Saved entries

-- Opening Marker --

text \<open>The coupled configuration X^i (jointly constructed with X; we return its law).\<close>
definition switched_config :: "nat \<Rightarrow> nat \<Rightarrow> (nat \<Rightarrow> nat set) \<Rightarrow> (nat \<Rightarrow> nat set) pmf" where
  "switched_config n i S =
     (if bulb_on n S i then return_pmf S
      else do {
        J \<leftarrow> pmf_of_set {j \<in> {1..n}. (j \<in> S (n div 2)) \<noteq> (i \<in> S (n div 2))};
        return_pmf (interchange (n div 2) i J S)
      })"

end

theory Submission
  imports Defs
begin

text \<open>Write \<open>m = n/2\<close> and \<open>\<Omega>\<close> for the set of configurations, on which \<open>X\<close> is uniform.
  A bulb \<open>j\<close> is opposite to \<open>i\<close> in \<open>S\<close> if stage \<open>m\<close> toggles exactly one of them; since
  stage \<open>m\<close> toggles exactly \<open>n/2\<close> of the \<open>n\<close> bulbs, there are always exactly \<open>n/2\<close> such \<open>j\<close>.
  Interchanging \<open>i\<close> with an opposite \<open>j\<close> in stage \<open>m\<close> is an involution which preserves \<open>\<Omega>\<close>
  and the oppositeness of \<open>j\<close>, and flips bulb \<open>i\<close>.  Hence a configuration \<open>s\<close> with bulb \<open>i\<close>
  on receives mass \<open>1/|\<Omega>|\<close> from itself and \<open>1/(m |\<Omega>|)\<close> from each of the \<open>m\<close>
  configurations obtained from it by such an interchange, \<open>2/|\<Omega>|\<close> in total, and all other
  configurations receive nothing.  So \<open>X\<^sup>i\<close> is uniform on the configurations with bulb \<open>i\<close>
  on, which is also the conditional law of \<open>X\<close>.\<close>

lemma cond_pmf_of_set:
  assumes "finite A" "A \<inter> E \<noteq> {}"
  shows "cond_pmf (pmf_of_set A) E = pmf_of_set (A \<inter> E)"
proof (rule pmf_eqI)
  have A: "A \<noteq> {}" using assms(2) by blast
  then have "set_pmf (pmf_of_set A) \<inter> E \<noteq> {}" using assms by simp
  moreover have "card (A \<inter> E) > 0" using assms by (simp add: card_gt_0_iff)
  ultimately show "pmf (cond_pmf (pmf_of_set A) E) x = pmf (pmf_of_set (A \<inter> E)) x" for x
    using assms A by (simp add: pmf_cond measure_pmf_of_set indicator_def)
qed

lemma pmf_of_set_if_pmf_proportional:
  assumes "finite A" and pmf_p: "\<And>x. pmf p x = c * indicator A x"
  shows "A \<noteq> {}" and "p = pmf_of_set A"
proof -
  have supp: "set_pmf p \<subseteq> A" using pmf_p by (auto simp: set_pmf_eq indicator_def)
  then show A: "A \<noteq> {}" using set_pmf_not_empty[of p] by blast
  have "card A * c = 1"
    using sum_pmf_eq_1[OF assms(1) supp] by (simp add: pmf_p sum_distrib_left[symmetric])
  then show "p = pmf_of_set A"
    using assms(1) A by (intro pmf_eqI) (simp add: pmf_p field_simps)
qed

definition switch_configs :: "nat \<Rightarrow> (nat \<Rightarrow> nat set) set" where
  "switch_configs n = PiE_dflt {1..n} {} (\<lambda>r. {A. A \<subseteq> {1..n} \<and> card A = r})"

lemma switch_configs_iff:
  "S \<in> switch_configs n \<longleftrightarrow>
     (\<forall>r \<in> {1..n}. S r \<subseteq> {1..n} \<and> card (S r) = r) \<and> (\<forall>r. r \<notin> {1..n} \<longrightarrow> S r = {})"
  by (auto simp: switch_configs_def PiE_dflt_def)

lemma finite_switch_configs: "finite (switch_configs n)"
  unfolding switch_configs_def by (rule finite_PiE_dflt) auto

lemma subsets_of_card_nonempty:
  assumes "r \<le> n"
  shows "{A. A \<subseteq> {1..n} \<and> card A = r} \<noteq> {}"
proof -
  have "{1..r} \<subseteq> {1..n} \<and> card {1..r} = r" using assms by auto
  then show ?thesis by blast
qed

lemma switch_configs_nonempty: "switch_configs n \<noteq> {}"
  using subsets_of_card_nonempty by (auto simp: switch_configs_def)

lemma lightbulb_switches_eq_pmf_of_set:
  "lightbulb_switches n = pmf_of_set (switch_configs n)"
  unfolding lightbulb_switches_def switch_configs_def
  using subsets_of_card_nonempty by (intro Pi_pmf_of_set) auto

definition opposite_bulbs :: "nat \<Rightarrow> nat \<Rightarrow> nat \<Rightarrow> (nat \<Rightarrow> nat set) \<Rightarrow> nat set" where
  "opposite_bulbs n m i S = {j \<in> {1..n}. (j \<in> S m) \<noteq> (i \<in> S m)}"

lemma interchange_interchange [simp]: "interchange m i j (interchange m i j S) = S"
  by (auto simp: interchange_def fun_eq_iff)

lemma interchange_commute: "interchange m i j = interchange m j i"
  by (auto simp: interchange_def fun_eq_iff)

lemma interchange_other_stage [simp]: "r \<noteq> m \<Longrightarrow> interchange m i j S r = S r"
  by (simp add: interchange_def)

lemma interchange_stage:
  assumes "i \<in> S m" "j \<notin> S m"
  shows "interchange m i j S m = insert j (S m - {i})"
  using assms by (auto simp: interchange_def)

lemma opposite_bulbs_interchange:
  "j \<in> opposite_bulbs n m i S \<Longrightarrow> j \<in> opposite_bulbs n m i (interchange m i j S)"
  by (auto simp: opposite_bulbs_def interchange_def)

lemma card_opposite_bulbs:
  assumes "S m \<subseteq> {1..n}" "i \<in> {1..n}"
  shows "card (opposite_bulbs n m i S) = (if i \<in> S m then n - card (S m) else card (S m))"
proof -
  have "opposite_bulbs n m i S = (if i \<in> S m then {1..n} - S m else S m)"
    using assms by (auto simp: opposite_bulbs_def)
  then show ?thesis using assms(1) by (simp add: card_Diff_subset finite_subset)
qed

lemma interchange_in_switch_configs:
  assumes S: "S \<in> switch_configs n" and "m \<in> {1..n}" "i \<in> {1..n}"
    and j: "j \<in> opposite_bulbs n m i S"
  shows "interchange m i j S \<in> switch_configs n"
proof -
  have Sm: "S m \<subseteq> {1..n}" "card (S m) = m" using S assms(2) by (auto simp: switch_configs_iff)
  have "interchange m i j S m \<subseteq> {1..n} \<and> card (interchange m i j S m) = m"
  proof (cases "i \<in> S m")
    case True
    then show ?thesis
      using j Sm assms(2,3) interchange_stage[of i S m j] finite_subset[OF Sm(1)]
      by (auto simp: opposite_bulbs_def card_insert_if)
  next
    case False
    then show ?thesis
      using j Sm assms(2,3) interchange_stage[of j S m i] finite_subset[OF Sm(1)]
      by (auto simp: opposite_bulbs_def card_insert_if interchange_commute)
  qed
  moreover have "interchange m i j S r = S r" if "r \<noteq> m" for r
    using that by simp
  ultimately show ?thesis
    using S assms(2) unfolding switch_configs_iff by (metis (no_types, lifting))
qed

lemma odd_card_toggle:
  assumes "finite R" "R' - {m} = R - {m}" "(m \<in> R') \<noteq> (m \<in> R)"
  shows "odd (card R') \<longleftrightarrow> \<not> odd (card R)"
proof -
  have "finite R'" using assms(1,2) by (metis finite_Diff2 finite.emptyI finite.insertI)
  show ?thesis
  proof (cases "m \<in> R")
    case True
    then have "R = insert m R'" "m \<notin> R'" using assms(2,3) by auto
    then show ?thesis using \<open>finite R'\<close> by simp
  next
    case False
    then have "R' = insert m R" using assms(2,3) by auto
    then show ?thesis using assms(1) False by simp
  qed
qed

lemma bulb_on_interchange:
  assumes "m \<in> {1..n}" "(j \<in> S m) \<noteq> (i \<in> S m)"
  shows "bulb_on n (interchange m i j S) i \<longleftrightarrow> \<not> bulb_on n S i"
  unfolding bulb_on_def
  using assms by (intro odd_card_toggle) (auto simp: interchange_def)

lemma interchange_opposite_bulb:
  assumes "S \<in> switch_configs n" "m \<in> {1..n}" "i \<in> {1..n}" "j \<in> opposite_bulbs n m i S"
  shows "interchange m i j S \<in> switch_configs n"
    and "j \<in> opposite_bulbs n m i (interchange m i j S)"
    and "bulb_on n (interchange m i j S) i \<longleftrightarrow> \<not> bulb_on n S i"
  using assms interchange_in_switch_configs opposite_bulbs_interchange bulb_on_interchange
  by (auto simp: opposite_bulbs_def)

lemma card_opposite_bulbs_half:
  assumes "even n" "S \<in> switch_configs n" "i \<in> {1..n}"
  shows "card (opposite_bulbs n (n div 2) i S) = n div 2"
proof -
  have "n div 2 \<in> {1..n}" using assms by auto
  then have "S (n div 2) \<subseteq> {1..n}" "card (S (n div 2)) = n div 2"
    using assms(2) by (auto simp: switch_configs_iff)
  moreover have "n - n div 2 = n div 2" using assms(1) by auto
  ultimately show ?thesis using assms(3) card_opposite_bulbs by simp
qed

-- Closing Marker --
-- Opening Marker --

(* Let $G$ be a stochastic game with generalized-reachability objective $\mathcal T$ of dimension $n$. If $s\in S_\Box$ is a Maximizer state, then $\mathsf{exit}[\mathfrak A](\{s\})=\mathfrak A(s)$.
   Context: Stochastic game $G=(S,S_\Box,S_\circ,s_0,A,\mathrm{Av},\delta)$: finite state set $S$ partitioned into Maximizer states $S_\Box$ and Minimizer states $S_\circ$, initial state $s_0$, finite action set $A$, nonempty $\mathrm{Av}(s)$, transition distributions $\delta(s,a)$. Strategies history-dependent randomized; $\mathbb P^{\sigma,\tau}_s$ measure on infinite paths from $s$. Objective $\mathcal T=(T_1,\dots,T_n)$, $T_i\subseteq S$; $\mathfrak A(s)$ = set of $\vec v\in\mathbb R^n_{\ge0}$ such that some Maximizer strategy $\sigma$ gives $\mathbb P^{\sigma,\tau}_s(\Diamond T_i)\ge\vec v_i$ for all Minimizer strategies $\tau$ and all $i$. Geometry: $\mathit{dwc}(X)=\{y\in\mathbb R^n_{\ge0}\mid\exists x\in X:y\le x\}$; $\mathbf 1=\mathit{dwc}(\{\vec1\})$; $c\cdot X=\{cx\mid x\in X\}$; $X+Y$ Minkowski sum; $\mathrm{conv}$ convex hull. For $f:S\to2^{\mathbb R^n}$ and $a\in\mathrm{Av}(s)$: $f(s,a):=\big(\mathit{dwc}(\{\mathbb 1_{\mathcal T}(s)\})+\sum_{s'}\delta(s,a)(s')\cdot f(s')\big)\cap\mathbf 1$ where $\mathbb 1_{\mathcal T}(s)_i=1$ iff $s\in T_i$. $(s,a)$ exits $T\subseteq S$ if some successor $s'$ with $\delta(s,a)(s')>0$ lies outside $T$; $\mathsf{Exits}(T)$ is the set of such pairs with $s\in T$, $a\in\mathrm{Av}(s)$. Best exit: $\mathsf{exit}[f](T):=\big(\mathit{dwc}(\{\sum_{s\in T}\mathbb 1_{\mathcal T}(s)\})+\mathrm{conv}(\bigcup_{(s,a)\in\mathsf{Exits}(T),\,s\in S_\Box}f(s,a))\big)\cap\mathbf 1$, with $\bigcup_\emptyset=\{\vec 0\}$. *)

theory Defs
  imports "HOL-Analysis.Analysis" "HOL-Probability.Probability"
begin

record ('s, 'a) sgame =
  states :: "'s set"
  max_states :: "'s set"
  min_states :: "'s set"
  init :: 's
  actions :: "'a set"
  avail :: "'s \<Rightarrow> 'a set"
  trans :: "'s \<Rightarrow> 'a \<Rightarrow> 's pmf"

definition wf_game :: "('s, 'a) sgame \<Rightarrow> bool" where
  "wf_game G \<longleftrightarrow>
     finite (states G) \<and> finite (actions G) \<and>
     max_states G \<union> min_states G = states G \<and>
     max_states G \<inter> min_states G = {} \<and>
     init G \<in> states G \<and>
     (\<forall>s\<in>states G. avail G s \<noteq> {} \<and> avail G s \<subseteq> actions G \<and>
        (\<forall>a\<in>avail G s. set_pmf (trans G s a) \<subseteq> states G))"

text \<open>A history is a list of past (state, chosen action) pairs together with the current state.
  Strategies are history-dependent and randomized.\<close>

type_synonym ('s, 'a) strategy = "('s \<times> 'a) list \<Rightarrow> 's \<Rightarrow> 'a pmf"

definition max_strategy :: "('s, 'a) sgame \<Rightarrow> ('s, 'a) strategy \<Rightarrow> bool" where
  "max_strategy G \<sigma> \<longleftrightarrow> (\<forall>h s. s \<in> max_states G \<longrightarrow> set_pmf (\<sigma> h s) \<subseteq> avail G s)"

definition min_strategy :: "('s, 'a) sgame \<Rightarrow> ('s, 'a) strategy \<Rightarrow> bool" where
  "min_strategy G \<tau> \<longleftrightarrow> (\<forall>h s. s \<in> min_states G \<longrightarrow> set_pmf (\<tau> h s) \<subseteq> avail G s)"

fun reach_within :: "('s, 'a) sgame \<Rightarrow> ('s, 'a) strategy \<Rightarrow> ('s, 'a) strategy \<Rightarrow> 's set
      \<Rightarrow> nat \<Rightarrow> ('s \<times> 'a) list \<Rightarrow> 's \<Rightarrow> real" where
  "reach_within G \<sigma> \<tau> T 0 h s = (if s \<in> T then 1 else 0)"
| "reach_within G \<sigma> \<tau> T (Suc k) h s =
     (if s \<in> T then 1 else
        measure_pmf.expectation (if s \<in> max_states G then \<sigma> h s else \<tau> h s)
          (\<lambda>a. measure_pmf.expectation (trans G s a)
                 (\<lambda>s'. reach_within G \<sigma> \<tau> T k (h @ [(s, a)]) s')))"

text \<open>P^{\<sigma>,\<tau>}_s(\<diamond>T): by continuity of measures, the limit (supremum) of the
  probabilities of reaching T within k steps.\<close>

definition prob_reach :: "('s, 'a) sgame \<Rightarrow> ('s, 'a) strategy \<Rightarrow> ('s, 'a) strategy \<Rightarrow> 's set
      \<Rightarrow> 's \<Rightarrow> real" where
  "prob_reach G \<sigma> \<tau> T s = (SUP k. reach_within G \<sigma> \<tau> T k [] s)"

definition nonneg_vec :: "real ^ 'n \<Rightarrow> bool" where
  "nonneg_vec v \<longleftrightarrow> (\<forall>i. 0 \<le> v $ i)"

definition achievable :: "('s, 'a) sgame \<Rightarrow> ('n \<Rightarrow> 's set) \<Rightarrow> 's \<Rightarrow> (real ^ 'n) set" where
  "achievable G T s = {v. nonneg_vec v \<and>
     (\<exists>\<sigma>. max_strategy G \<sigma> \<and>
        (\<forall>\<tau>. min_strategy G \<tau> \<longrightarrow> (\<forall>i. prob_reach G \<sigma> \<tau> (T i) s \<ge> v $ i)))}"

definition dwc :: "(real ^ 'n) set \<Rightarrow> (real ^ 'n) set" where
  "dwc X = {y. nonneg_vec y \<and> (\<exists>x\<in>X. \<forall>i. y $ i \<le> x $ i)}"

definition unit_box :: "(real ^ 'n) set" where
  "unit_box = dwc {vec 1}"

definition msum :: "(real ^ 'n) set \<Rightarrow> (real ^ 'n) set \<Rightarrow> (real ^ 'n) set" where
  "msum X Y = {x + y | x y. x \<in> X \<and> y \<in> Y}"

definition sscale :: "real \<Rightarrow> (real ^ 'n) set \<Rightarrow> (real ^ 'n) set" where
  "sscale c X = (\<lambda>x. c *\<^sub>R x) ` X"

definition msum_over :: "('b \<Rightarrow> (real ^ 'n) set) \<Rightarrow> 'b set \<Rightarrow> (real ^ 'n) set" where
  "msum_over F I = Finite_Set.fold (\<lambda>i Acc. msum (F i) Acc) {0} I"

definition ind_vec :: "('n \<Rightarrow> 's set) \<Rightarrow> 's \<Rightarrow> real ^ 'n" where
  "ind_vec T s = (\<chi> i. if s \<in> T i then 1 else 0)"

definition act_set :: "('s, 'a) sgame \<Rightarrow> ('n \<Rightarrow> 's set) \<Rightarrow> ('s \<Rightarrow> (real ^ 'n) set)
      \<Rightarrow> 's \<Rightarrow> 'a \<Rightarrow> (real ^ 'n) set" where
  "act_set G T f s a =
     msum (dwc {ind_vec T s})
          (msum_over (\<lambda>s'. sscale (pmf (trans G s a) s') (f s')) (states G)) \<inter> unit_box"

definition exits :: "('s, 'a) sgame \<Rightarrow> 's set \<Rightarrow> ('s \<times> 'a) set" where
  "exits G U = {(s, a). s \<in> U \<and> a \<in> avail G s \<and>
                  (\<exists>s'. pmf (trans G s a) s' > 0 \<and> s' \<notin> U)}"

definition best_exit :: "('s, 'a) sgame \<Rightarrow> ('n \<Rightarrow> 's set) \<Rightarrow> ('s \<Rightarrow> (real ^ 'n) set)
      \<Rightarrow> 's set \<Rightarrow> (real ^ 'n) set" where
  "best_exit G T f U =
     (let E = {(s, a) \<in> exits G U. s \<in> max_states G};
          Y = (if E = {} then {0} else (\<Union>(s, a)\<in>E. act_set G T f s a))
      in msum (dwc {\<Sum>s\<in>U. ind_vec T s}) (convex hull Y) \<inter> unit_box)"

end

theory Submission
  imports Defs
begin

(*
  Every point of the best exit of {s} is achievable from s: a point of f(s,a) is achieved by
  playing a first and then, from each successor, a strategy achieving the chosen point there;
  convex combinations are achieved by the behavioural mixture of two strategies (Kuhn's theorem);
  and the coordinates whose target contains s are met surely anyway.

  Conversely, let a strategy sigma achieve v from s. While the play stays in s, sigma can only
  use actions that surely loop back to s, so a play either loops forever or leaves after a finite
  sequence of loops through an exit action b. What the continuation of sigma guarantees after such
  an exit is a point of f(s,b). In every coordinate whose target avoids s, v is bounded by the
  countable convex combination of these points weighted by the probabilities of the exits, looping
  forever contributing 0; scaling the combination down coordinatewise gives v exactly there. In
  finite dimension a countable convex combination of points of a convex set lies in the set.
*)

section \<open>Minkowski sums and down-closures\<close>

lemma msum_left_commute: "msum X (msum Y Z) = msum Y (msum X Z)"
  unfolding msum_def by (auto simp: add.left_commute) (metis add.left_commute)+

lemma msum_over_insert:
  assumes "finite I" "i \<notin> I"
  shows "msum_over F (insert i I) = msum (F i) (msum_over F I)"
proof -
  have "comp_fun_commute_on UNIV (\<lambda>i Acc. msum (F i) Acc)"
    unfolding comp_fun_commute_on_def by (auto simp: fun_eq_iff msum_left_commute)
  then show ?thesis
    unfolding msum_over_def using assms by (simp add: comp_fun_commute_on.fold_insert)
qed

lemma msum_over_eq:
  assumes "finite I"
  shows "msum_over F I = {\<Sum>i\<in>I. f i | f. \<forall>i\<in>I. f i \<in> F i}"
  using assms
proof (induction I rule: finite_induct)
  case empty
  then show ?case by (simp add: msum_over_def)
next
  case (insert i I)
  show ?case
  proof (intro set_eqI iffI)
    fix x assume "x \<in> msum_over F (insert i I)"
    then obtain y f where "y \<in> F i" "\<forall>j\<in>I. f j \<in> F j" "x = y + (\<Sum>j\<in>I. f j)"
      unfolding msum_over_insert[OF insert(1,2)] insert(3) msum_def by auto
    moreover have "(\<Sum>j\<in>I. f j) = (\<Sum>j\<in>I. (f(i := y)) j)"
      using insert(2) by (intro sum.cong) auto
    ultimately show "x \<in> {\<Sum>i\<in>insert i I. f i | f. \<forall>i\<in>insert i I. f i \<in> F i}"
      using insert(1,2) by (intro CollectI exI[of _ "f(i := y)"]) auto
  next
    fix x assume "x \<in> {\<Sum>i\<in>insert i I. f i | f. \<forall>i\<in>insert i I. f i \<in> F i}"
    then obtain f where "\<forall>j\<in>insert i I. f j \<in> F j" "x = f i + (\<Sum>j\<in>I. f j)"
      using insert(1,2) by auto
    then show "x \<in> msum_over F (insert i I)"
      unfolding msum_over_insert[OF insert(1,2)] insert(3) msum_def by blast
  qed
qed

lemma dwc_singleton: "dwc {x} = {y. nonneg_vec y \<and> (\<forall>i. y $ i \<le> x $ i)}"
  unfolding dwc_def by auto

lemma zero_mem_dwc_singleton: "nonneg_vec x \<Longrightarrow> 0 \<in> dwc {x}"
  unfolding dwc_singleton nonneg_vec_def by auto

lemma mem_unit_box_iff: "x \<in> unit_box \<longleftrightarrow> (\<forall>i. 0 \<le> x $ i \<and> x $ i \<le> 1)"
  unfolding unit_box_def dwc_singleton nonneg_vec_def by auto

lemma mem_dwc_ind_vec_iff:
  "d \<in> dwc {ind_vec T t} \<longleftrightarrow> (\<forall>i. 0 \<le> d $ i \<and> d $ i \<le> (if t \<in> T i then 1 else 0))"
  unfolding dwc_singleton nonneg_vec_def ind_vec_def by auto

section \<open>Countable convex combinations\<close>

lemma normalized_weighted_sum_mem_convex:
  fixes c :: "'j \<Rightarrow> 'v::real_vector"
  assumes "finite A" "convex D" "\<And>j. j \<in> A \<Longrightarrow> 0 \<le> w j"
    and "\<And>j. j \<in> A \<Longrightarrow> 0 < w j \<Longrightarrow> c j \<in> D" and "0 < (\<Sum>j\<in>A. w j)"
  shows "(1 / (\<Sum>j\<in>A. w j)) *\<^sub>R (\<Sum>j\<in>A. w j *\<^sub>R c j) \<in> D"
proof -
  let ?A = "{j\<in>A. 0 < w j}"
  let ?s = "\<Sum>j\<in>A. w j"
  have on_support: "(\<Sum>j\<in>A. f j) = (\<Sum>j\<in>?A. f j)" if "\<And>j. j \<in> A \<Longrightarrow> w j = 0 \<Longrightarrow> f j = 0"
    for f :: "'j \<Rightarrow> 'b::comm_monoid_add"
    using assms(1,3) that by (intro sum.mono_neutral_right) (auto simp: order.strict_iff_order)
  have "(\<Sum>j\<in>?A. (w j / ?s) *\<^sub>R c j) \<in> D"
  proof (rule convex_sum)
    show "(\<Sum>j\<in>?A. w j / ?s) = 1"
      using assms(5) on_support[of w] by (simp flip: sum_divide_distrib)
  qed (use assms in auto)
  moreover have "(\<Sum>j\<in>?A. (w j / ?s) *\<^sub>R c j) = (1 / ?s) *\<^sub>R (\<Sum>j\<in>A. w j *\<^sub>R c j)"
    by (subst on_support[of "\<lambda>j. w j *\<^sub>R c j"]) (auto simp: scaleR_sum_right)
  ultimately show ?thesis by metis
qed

-- Closing Marker --

Work to be completed:
Write the number of lines above that contain the string "ultimately", and nothing besides.

Answer space:
5